Tropical Storm Isaac‘s soaking at the end of August started lake levels climbing. The steady rains of September and October that followed, capped by Sandy’s showers, kept the lake water rising even as the draining continued.
Sandy dropped as much as 3 inches of rainfall in parts of South Florida, according to the South Florida Water Management District.
Gray said Lake Okeechobee didn’t receive that much, but with the region already saturated any rainfall adds to the stormwater runoff flowing into the lake.
“We continue to receive a lot of water into the lake, and the discharges are important so we can continue to maintain storage capacity for the remaining five weeks of hurricane season,” said Lt. Col. Tom Greco, the Army Corps’ Deputy District Commander for South Florida.
Lake Okeechobee water once naturally overlapped its southern shores and flowed south to replenish the Everglades.

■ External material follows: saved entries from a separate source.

(* Let $U$ and $W$ be two normalized graphons. Then $d_{\mathrm{LP}}(D_U,D_W)\le\sqrt{2\,\delta_\square(U,W)}$.
   Context: A graphon over $(\Omega,\mathcal F,\pi)$ is a measurable symmetric $W:\Omega\times\Omega\to[0,\infty)$ with $\int W<\infty$; it is normalized if $\int W\,d\pi\,d\pi=1$. Its degrees are the random variable $W_x=\int_\Omega W(x,y)\,d\pi(y)$ with $x\sim\pi$, with distribution function $D_W(\lambda)=\pi(\{x:W_x\le\lambda\})$. The Lévy–Prokhorov distance between distribution functions is $d_{\mathrm{LP}}(D,D')=\inf\{\varepsilon>0:D'(\lambda-\varepsilon)-\varepsilon\le D(\lambda)\le D'(\lambda+\varepsilon)+\varepsilon\ \text{for all }\lambda\in\mathbb R\}$. For graphons $W$ on $(\Omega,\pi)$ and $W'$ on $(\Omega',\pi')$, $\delta_\square(W,W')=\inf_\nu\sup_{S,T}|\int_{S\times T}(W(x,y)-W'(x',y'))\,d\nu(x,x')\,d\nu(y,y')|$, the infimum over couplings $\nu$ of $\pi,\pi'$ and supremum over measurable $S,T\subseteq\Omega\times\Omega'$. *)

theory Defs
  imports "HOL-Probability.Probability"
begin

definition graphon :: "'a measure \<Rightarrow> ('a \<Rightarrow> 'a \<Rightarrow> real) \<Rightarrow> bool" where
  "graphon M W \<longleftrightarrow>
     (\<lambda>(x, y). W x y) \<in> borel_measurable (M \<Otimes>\<^sub>M M) \<and>
     (\<forall>x\<in>space M. \<forall>y\<in>space M. 0 \<le> W x y \<and> W x y = W y x) \<and>
     integrable (M \<Otimes>\<^sub>M M) (\<lambda>(x, y). W x y)"

definition normalized_graphon :: "'a measure \<Rightarrow> ('a \<Rightarrow> 'a \<Rightarrow> real) \<Rightarrow> bool" where
  "normalized_graphon M W \<longleftrightarrow> graphon M W \<and> (\<integral>(x, y). W x y \<partial>(M \<Otimes>\<^sub>M M)) = 1"

definition degree :: "'a measure \<Rightarrow> ('a \<Rightarrow> 'a \<Rightarrow> real) \<Rightarrow> 'a \<Rightarrow> real" where
  "degree M W x = (\<integral>y. W x y \<partial>M)"

definition degree_dist :: "'a measure \<Rightarrow> ('a \<Rightarrow> 'a \<Rightarrow> real) \<Rightarrow> real \<Rightarrow> real" where
  "degree_dist M W l = measure M {x \<in> space M. degree M W x \<le> l}"

definition dLP :: "(real \<Rightarrow> real) \<Rightarrow> (real \<Rightarrow> real) \<Rightarrow> real" where
  "dLP D D' = Inf {e. e > 0 \<and> (\<forall>l. D' (l - e) - e \<le> D l \<and> D l \<le> D' (l + e) + e)}"

definition coupling :: "'a measure \<Rightarrow> 'b measure \<Rightarrow> ('a \<times> 'b) measure \<Rightarrow> bool" where
  "coupling M M' \<nu> \<longleftrightarrow> sets \<nu> = sets (M \<Otimes>\<^sub>M M') \<and> distr \<nu> M fst = M \<and> distr \<nu> M' snd = M'"

definition cut_term :: "('a \<Rightarrow> 'a \<Rightarrow> real) \<Rightarrow> ('b \<Rightarrow> 'b \<Rightarrow> real) \<Rightarrow> ('a \<times> 'b) measure
    \<Rightarrow> ('a \<times> 'b) set \<Rightarrow> ('a \<times> 'b) set \<Rightarrow> real" where
  "cut_term U W \<nu> S T =
     (\<integral>z. indicator S (fst z) * indicator T (snd z) *
            (U (fst (fst z)) (fst (snd z)) - W (snd (fst z)) (snd (snd z))) \<partial>(\<nu> \<Otimes>\<^sub>M \<nu>))"

definition cut_distance :: "'a measure \<Rightarrow> ('a \<Rightarrow> 'a \<Rightarrow> real) \<Rightarrow> 'b measure \<Rightarrow> ('b \<Rightarrow> 'b \<Rightarrow> real) \<Rightarrow> real" where
  "cut_distance M U M' W =
     Inf {Sup {\<bar>cut_term U W \<nu> S T\<bar> | S T. S \<in> sets (M \<Otimes>\<^sub>M M') \<and> T \<in> sets (M \<Otimes>\<^sub>M M')}
          | \<nu>. coupling M M' \<nu>}"

end

(*
  Fix a coupling nu of the two vertex spaces. Taking T to be everything, the cut term of a set A
  of coupled vertex pairs integrates out the second vertex and becomes the integral over A of the
  degree difference U_x - W_x'. Markov's inequality applied to A = {U_x - W_x' > e} then gives
  e * nu(A) <= cut value of nu, and likewise for the opposite tail; so if that cut value is at most
  e^2, both tails have nu-measure at most e, which is exactly the coupling criterion for the two
  degree distribution functions to be within Levy-Prokhorov distance e. Optimising over nu yields
  d_LP <= sqrt delta, slightly better than sqrt (2 delta).
*)

theory Submission
  imports Defs
begin

lemma graphon_measurable:
  "graphon M U \<Longrightarrow> (\<lambda>(x, y). U x y) \<in> borel_measurable (M \<Otimes>\<^sub>M M)"
  and graphon_integrable:
  "graphon M U \<Longrightarrow> integrable (M \<Otimes>\<^sub>M M) (\<lambda>(x, y). U x y)"
  unfolding graphon_def by auto

lemma measurable_degree:
  assumes "sigma_finite_measure M" and "graphon M U"
  shows "degree M U \<in> borel_measurable M"
proof -
  interpret sigma_finite_measure M by fact
  show ?thesis
    unfolding degree_def[abs_def]
    by (rule borel_measurable_lebesgue_integral) (use graphon_measurable[OF assms(2)] in simp)
qed

lemma integrable_degree:
  assumes "sigma_finite_measure M" and "graphon M U"
  shows "integrable M (degree M U)"
proof -
  interpret pair_sigma_finite M M
    using assms(1) by (simp add: pair_sigma_finite_def)
  show ?thesis
    using integrable_fst'[OF graphon_integrable[OF assms(2)]] by (simp add: degree_def[abs_def])
qed

lemma coupling_pair_measure:
  assumes "prob_space M" and "prob_space M'"
  shows "coupling M M' (M \<Otimes>\<^sub>M M')"
proof -
  interpret M: prob_space M by fact
  interpret M': prob_space M' by fact
  have "distr (M \<Otimes>\<^sub>M M') M' snd = M'"
  proof (rule measure_eqI)
    fix A assume "A \<in> sets (distr (M \<Otimes>\<^sub>M M') M' snd)"
    then have A: "A \<in> sets M'" by simp
    then have "snd -` A \<inter> space (M \<Otimes>\<^sub>M M') = space M \<times> A"
      using sets.sets_into_space by (auto simp: space_pair_measure)
    with A show "emeasure (distr (M \<Otimes>\<^sub>M M') M' snd) A = emeasure M' A"
      by (simp add: emeasure_distr M'.emeasure_pair_measure_Times M.emeasure_space_1)
  qed simp
  then show ?thesis
    unfolding coupling_def using M'.distr_pair_fst by simp
qed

But decades of draining and pumping to make way for South Florida agriculture and development corralled the lake water; allowing the Army Corps to dump lake water west into the Caloosahatchee River and east into the St. Lucie River to drain it out to sea when water levels rises too high for the dike.
The infusion of lake water brings pollution and throws off the delicate balance of salt and fresh water in the estuaries. Dumping lake water since September already has fish leaving, oyster beds dying and fishermen staying away from the St. Lucie River, said Leon Abood, president of the Rivers Coalition.
“It’s extremely frustrating,” Abood said. “It is a problem that has been plaguing this area for decades.”
Elevated lake water levels can also have damaging environmental consequences, drowning the aquatic plants vital to lake fishing grounds.
The Amy Corps is in the midst of a decades-long, multibillion-dollar effort to strengthen the lake’s dike.
The Corps in October completed the initial 21-mile stretch of a reinforcing wall being built through the middle of the dike to help stop erosion. That took five years and more than $360 million and now the corps is working on a study, expected to last until 2014, aimed at determining how to proceed with upgrading the rest of the 143-mile-long dike.
Beyond fixing the dike, environmental advocates contend that jumpstarting the reservoirs and water treatment areas envisioned for state and federal Everglades restoration efforts would help the lake and protect the estuaries.
“We have got to find a permanent solution,” Abood said. “Move the water south the way Mother Nature intended.”